(Source records)

lemma wmul_single_single:
  "wmul (Poly_Mapping.single (a,b,c,e) v) (Poly_Mapping.single (a',b',c',e') w) =
    (\<Sum>k\<le>c. \<Sum>l\<le>e. Poly_Mapping.single (a + a' - k, b + b' - l, c + c' - k, e + e' - l)
        (v * w * of_nat (c choose k) * ffac a' k * of_nat (e choose l) * ffac b' l))"
  by (cases "v = 0"; cases "w = 0") (simp_all add: wmul_def)

lemma wmul_expand: "wmul P Q = (\<Sum>m\<in>Poly_Mapping.keys P. \<Sum>m'\<in>Poly_Mapping.keys Q.
    wmul (Poly_Mapping.single m (Poly_Mapping.lookup P m)) (Poly_Mapping.single m' (Poly_Mapping.lookup Q m')))"
  unfolding wmul_def by (simp add: in_keys_iff case_prod_beta)

lemma poly_act_wmul_single:
  "poly_act (wmul (Poly_Mapping.single m v) (Poly_Mapping.single m' w)) (Poly_Mapping.single n u)
   = poly_act (Poly_Mapping.single m v) (poly_act (Poly_Mapping.single m' w) (Poly_Mapping.single n u))"
proof -
  obtain a b c e where m: "m = (a,b,c,e)" by (cases m) auto
  obtain a' b' c' e' where m': "m' = (a',b',c',e')" by (cases m') auto
  obtain i j where n: "n = (i,j)" by (cases n) auto
  define I where "I = i - c' + a' - c + a"
  define J where "J = j - e' + b' - e + b"
  define tx where "tx k = (of_nat ((c choose k) * falling_fact a' k * falling_fact i (c + c' - k)) :: complex)" for k
  define ty where "ty l = (of_nat ((e choose l) * falling_fact b' l * falling_fact j (e + e' - l)) :: complex)" for l
  have sum_tx: "(\<Sum>k\<le>c. tx k) = ffac i c' * ffac (i - c' + a') c"
    unfolding tx_def ffac_eq_falling_fact of_nat_sum[symmetric] falling_fact_vandermonde_shift by simp
  have sum_ty: "(\<Sum>l\<le>e. ty l) = ffac j e' * ffac (j - e' + b') e"
    unfolding ty_def ffac_eq_falling_fact of_nat_sum[symmetric] falling_fact_vandermonde_shift by simp
  have summand: "poly_act (Poly_Mapping.single (a + a' - k, b + b' - l, c + c' - k, e + e' - l)
        (v * w * of_nat (c choose k) * ffac a' k * of_nat (e choose l) * ffac b' l)) (Poly_Mapping.single n u)
     = Poly_Mapping.single (I, J) (v * w * u * (tx k * ty l))" if "k \<le> c" "l \<le> e" for k l
  proof -
    have "poly_act (Poly_Mapping.single (a + a' - k, b + b' - l, c + c' - k, e + e' - l)
        (v * w * of_nat (c choose k) * ffac a' k * of_nat (e choose l) * ffac b' l)) (Poly_Mapping.single n u)
      = Poly_Mapping.single (i - (c + c' - k) + (a + a' - k), j - (e + e' - l) + (b + b' - l))
          (v * w * u * (tx k * ty l))"
      by (simp add: poly_act_single_single n tx_def ty_def ffac_eq_falling_fact ac_simps)
    moreover have "i - (c + c' - k) + (a + a' - k) = I \<and> j - (e + e' - l) + (b + b' - l) = J"
      if "tx k * ty l \<noteq> 0"
    proof -
      have "falling_fact a' k \<noteq> 0" "falling_fact i (c + c' - k) \<noteq> 0"
        "falling_fact b' l \<noteq> 0" "falling_fact j (e + e' - l) \<noteq> 0"
        using that by (auto simp: tx_def ty_def)
      thus ?thesis using \<open>k \<le> c\<close> \<open>l \<le> e\<close> by (auto simp: I_def J_def falling_fact_eq_0_iff)
    qed
    ultimately show ?thesis by (cases "tx k * ty l = 0") auto
  qed
  have "poly_act (wmul (Poly_Mapping.single m v) (Poly_Mapping.single m' w)) (Poly_Mapping.single n u)
      = (\<Sum>k\<le>c. \<Sum>l\<le>e. Poly_Mapping.single (I, J) (v * w * u * (tx k * ty l)))"
    unfolding m m' wmul_single_single poly_act_sum_left using summand by simp
  also have "\<dots> = Poly_Mapping.single (I, J) (v * w * u * ((\<Sum>k\<le>c. tx k) * (\<Sum>l\<le>e. ty l)))"
    by (simp add: single_sum[symmetric] sum_distrib_left sum_distrib_right, subst sum.swap, rule refl)
  also have "\<dots> = poly_act (Poly_Mapping.single m v) (poly_act (Poly_Mapping.single m' w) (Poly_Mapping.single n u))"
    unfolding sum_tx sum_ty m m' n poly_act_single_single by (simp add: I_def J_def ac_simps)
  finally show ?thesis .
qed
theorem mainTheorem3:
  fixes X Y :: "'a::chilbert \<Rightarrow> 'a" and \<alpha> \<beta> :: real and x :: 'a
  assumes "bounded_clinear X" and "bounded_clinear Y"
    and "0 \<le> \<alpha>" and "\<alpha> \<le> 1" and "0 \<le> \<beta>" and "\<beta> \<le> 1"
    and "norm x = 1"
  shows "cmod (cinner (X x) x * cinner (Y x) x)
    \<le> 1/4 * onorm (\<lambda>z. \<alpha> *\<^sub>R adj X (X z) + (1 - \<alpha>) *\<^sub>R X (adj X z)
                       + \<beta> *\<^sub>R adj Y (Y z) + (1 - \<beta>) *\<^sub>R Y (adj Y z))
      + 1/8 * onorm (\<lambda>z. adj X (X z) + Y (adj Y z))
      + 1/4 * numrad (Y \<circ> X)"
    (is "?p \<le> 1/4 * onorm ?T + 1/8 * onorm ?S + 1/4 * numrad (Y \<circ> X)")
proof -
  note lin = assms(1,2)[THEN bounded_clinear_imp_bounded_linear]
    assms(1,2)[THEN bounded_clinear_adj, THEN bounded_clinear_imp_bounded_linear]
  have "bounded_linear ?T" "bounded_linear ?S"
    by (intro bounded_linear_add bounded_linear_const_scaleR
        bounded_linear_compose[OF lin(3) lin(1)] bounded_linear_compose[OF lin(1) lin(3)]
        bounded_linear_compose[OF lin(4) lin(2)] bounded_linear_compose[OF lin(2) lin(4)])+
  note onorm_bound = this[THEN Re_cinner_le_onorm, OF assms(7)]
  let ?a = "cinner (X x) x" and ?b = "cinner (Y x) x"
  have "(cmod ?a)^2 + (cmod ?b)^2 \<le> Re (cinner (?T x) x)"
    using cmod_cinner_sq_le_convex_comb[of X x \<alpha>] cmod_cinner_sq_le_convex_comb[of Y x \<beta>] assms
    by (simp add: cinner_add_left add_ac)
  also have "\<dots> \<le> onorm ?T" by (rule onorm_bound(1))
  finally have T: "(cmod ?a)^2 + (cmod ?b)^2 \<le> onorm ?T" .
  have "(norm (X x))^2 + (norm (adj Y x))^2 = Re (cinner (?S x) x)"
    using assms(1,2) by (simp add: cinner_add_left Re_cinner_adj_comp)
  also have "\<dots> \<le> onorm ?S" by (rule onorm_bound(2))
  finally have S: "(norm (X x))^2 + (norm (adj Y x))^2 \<le> onorm ?S" .
  have "cmod (cinner (X x) (adj Y x)) \<le> numrad (Y \<circ> X)"
    using cmod_cinner_le_numrad[OF bounded_linear_compose[OF lin(2,1)] assms(7)]
    by (simp add: cinner_adj[OF assms(2)] comp_def)
  moreover have "?p \<le> (norm (X x) * norm (adj Y x) + cmod (cinner (X x) (adj Y x))) / 2"
    using buzano[OF assms(7), of "X x" "adj Y x"] by (simp add: cinner_adj[OF assms(2)])
  moreover have "?p \<le> ((cmod ?a)^2 + (cmod ?b)^2) / 2"
    using sum_squares_bound[of "cmod ?a" "cmod ?b"] by (simp add: norm_mult)
  ultimately show ?thesis
    using T S sum_squares_bound[of "norm (X x)" "norm (adj Y x)"] by argo
qed

end
text \<open>Only the topological group structure of \<open>G\<close> is used: once \<open>H\<^sup>1\<close> is known to be finite
  dimensional, local compactness and second countability play no further role.\<close>
theorem corollary6p7:
  fixes G :: "('g, 'b) monoid_scheme" and T :: "'g topology"
  assumes "lcsc_group G T"
    and "cohom_fin_dim G T"
  shows "\<forall>d. fin_dim_fun_space (carrier G) (Pol G T d)"
proof
  fix d
  have tg: "topological_group G T" using assms(1) unfolding lcsc_group_def by blast
  show "fin_dim_fun_space (carrier G) (Pol G T d)"
  proof (induction d)
    case 0
    show ?case by (rule fin_dim_Pol_0[OF tg])
  next
    case (Suc d)
    then obtain m xs es where "interpolation_basis (carrier G) (Pol G T d) m xs es"
      using interpolation_basis_exists lincomb_closed_Pol by blast
    with tg interpret Pol_interpolation G T d m xs es by unfold_locales
    show ?case by (rule fin_dim_Pol_Suc[OF assms(2)])
  qed
qed

end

- **EXERCISE PROMPT**
For the records above, count the lines holding the word "open" and give only that number.

- **ANSWER AREA**
2